Now, we come to the question. We have to find the minimum value of complex function given by $\left| z-7 \right|+\left| z \right|$. We know that using triangle inequality we have,\[\left| {{z}_{1}} \right|+\left| {{z}_{2}} \right|\ge \left| {{z}_{1}}+{{z}_{2}} \right|\ge \left| {{z}_{1}}-{{z}_{2}} \right|\], so, minimum value of the function $\left| {{z}_{1}} \right|+\left| {{z}_{2}} \right|$ is $\left| {{z}_{1}}-{{z}_{2}} \right|$.

Therefore, minimum of $\left| z-7 \right|+\left| z \right|$$=\left| (z-7)-z \right|=\left| -7 \right|=7$. Hence, option (d) is the correct answer.

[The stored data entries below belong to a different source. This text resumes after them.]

lemma Tgen_eq_at_s:
  assumes "s\<^sub>\<beta> < y" "y \<le> t\<^sub>\<beta>"
  shows "Tgen A a b Fs f s\<^sub>\<beta> y = pinv s\<^sub>\<beta> t\<^sub>\<beta> f\<^sub>\<beta> (\<Phi> (f\<^sub>\<beta> s\<^sub>\<beta>) (f\<^sub>\<beta> y))"
proof -
  have a_fy: "a \<beta> < f y" using a_less_f assms s_t_bounds by simp
  have gy: "f\<^sub>\<beta> y \<in> {a \<beta>..b \<beta>}" using decomp_range assms by simp
  consider "f s\<^sub>\<beta> < a \<beta>" | "f s\<^sub>\<beta> = a \<beta>" | "a \<beta> < f s\<^sub>\<beta>" by linarith
  then show ?thesis
  proof cases
    case 1
    have "F (f s\<^sub>\<beta>) (f y) = f s\<^sub>\<beta>"
      using 1 a_fy by (simp add: ordinal_sum_across_lower_end[OF \<beta>_in_A])
    moreover have "\<Phi> (f\<^sub>\<beta> s\<^sub>\<beta>) (f\<^sub>\<beta> y) = a \<beta>"
      using 1 gy decomp_at_s \<Phi>_bottom by simp
    ultimately show ?thesis unfolding Tgen_def using pinv_f_s_eq_pinv_decomp_a[OF 1] by simp
  next
    case 2
    have F_eq: "F (f s\<^sub>\<beta>) (f y) = a \<beta>"
      using 2 a_fy by (simp add: ordinal_sum_across_lower_end[OF \<beta>_in_A])
    have \<Phi>_eq: "\<Phi> (f\<^sub>\<beta> s\<^sub>\<beta>) (f\<^sub>\<beta> y) = a \<beta>"
      using 2 gy decomp_at_s \<Phi>_bottom by simp
    have "a \<beta> < f t\<^sub>\<beta>" using a_less_f s_less_t s_t_bounds by simp
    then show ?thesis
      unfolding Tgen_def F_eq \<Phi>_eq using a_less_b by (intro pinv_eq_pinv_decomp) auto
  next
    case 3
    have "f s\<^sub>\<beta> < b \<beta>" using f_less_b s_less_t s_t_bounds by simp
    then show ?thesis using 3 assms by (intro Tgen_eq_if_f_inside) auto
  qed
qed

lemma Tgen_eq_at_t: "Tgen A a b Fs f t\<^sub>\<beta> t\<^sub>\<beta> = pinv s\<^sub>\<beta> t\<^sub>\<beta> f\<^sub>\<beta> (\<Phi> (f\<^sub>\<beta> t\<^sub>\<beta>) (f\<^sub>\<beta> t\<^sub>\<beta>))"
proof -
  have t01: "t\<^sub>\<beta> \<in> {0..1}" using s_t_bounds s_less_t by simp
  have a_ft: "a \<beta> < f t\<^sub>\<beta>" using a_less_f s_less_t s_t_bounds by simp
  have F_le: "F (f t\<^sub>\<beta>) (f t\<^sub>\<beta>) \<le> f t\<^sub>\<beta>"
    using tnorm_le_left[OF tnorm_ordinal_sum] f_in_unit_interval t01 by blast
  show ?thesis
  proof (cases "f t\<^sub>\<beta> \<le> b \<beta>")
    case True
    have F_eq: "F (f t\<^sub>\<beta>) (f t\<^sub>\<beta>) = summand a b Fs \<beta> (f t\<^sub>\<beta>) (f t\<^sub>\<beta>)"
      using True a_ft by (intro ordinal_sum_on_summand \<beta>_in_A) auto
    have gt: "f\<^sub>\<beta> t\<^sub>\<beta> = f t\<^sub>\<beta>" using True decomp_at_t by simp
    have \<Phi>_eq: "\<Phi> (f\<^sub>\<beta> t\<^sub>\<beta>) (f\<^sub>\<beta> t\<^sub>\<beta>) = F (f t\<^sub>\<beta>) (f t\<^sub>\<beta>)"
      unfolding F_eq gt using True a_ft by (intro \<Phi>_summand) auto
    have "a \<beta> \<le> F (f t\<^sub>\<beta>) (f t\<^sub>\<beta>)"
      unfolding F_eq using True a_ft a_less_b
      by (intro summand_ge_lower tsubnorm_summands \<beta>_in_A) auto
    then show ?thesis
      unfolding Tgen_def \<Phi>_eq using F_le True by (intro pinv_eq_pinv_decomp) auto
  next
    case False
    have "\<Phi> (f\<^sub>\<beta> t\<^sub>\<beta>) (f\<^sub>\<beta> t\<^sub>\<beta>) = b \<beta>"
      using False decomp_at_t a_less_b \<Phi>_top by simp
    moreover have "b \<beta> \<le> F (f t\<^sub>\<beta>) (f t\<^sub>\<beta>)"
      using False by (intro ordinal_sum_diagonal_above_summand \<beta>_in_A) simp
    ultimately show ?thesis
      unfolding Tgen_def using F_le False by (simp add: pinv_eq_pinv_decomp_b)
  qed
qed
(* Fix a class $k\in\{1,\dots,K\}$ and a test observation $X_i$. Suppose the class-$k$ training feature vectors $X^k_1,\dots,X^k_{n_k}$ and $X_i$ are exchangeable and that $X_i\sim F_k$. Let $C_o(X_i)$ be the oracle MMDCP prediction set at level $\alpha\in(0,1)$. Then $$\mathbb{P}_k\big(k\in C_o(X_i)\big)\ge 1-\alpha .$$
   Context: Labeled training data $\{(Y_i,X_i)\}_{i=1}^n$ with $Y_i\in\{1,\dots,K\}$, $X_i\in\mathbb{R}^p$; $n_k=\#\{i\le n:Y_i=k\}$ and $X^k_1,\dots,X^k_{n_k}$ are the class-$k$ training feature vectors. Test observations are $X_{n+1},\dots,X_{n+m}$. $F_k$ is the class-$k$ feature distribution with mean $\mu_k$ and positive definite covariance $\Sigma_k$. Oracle score: $s_{ok}(x)=\|(\mathrm{diag}(\Sigma_k))^{-1/2}(x-\mu_k)\|_2^2$. Oracle conformal $p$-value: $p^i_{ok}=\big(1+\sum_{l=1}^{n_k}\mathbb{1}\{s_{ok}(X_i)\le s_{ok}(X^k_l)\}\big)/(n_k+1)$. Oracle MMDCP: for each $k$, if $m=1$, the test point is accepted for class $k$ iff $p^i_{ok}>\lfloor (n_k+1)\alpha\rfloor/(n_k+1)$; if $m>1$, the Benjamini–Hochberg adjusted $p$-values $\tilde p^i_{ok}$ of $\{p^i_{ok}\}_{i=n+1}^{n+m}$ are computed (if $p_{(1)}\le\dots\le p_{(m)}$ are the ordered values, the adjusted value of $p_{(j)}$ is $\min\{1,\min_{l\ge j} m\,p_{(l)}/l\}$), and $X_i$ is accepted for class $k$ iff $\tilde p^i_{ok}>\lfloor (n_k+1)\alpha\rfloor/(n_k+1)$. The prediction set is $C_o(X_i)=\{k: X_i \text{ accepted for class } k\}$. $\mathbb{P}_k$ denotes probability under the joint law of the data when $X_i\sim F_k$. *)

theory Defs
  imports "HOL-Probability.Probability"
begin

definition oracle_score :: "real^'p \<Rightarrow> real^'p^'p \<Rightarrow> real^'p \<Rightarrow> real" where
  "oracle_score mu Sig x = (norm (\<chi> j. (x$j - mu$j) / sqrt (Sig$j$j)))^2"

definition conf_pval :: "(real^'p \<Rightarrow> real) \<Rightarrow> nat \<Rightarrow> (nat \<Rightarrow> real^'p) \<Rightarrow> real^'p \<Rightarrow> real" where
  "conf_pval s nk cal x =
     (1 + real (card {l \<in> {1..nk}. s x \<le> s (cal l)})) / (real nk + 1)"

text \<open>Benjamini-Hochberg adjusted p-value of test index i among p 1, ..., p m:
  with ordered values ps!0 <= ... <= ps!(m-1) (i.e. p_(1),...,p_(m)), and p i = p_(j),
  the adjusted value is min{1, min_{l >= j} m p_(l) / l}.  (For ties the value does not
  depend on which position j is chosen; we take the least one.)\<close>
definition bh_adjusted :: "nat \<Rightarrow> (nat \<Rightarrow> real) \<Rightarrow> nat \<Rightarrow> real" where
  "bh_adjusted m p i =
     (let ps = sort (map p [1..<m+1]);
          j = (LEAST j. 1 \<le> j \<and> j \<le> m \<and> ps ! (j - 1) = p i)
      in min 1 (Min ((\<lambda>l. real m * ps ! (l - 1) / real l) ` {j..m})))"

Note: Since modulus of any number is always positive so, $\left| -7 \right|=7$. Don’t get confused that if inside modulus there is a negative number then if we remove modulus the number remains negative. It will always be positive. In other words, we can also say that minima occurs when $z$ becomes zero.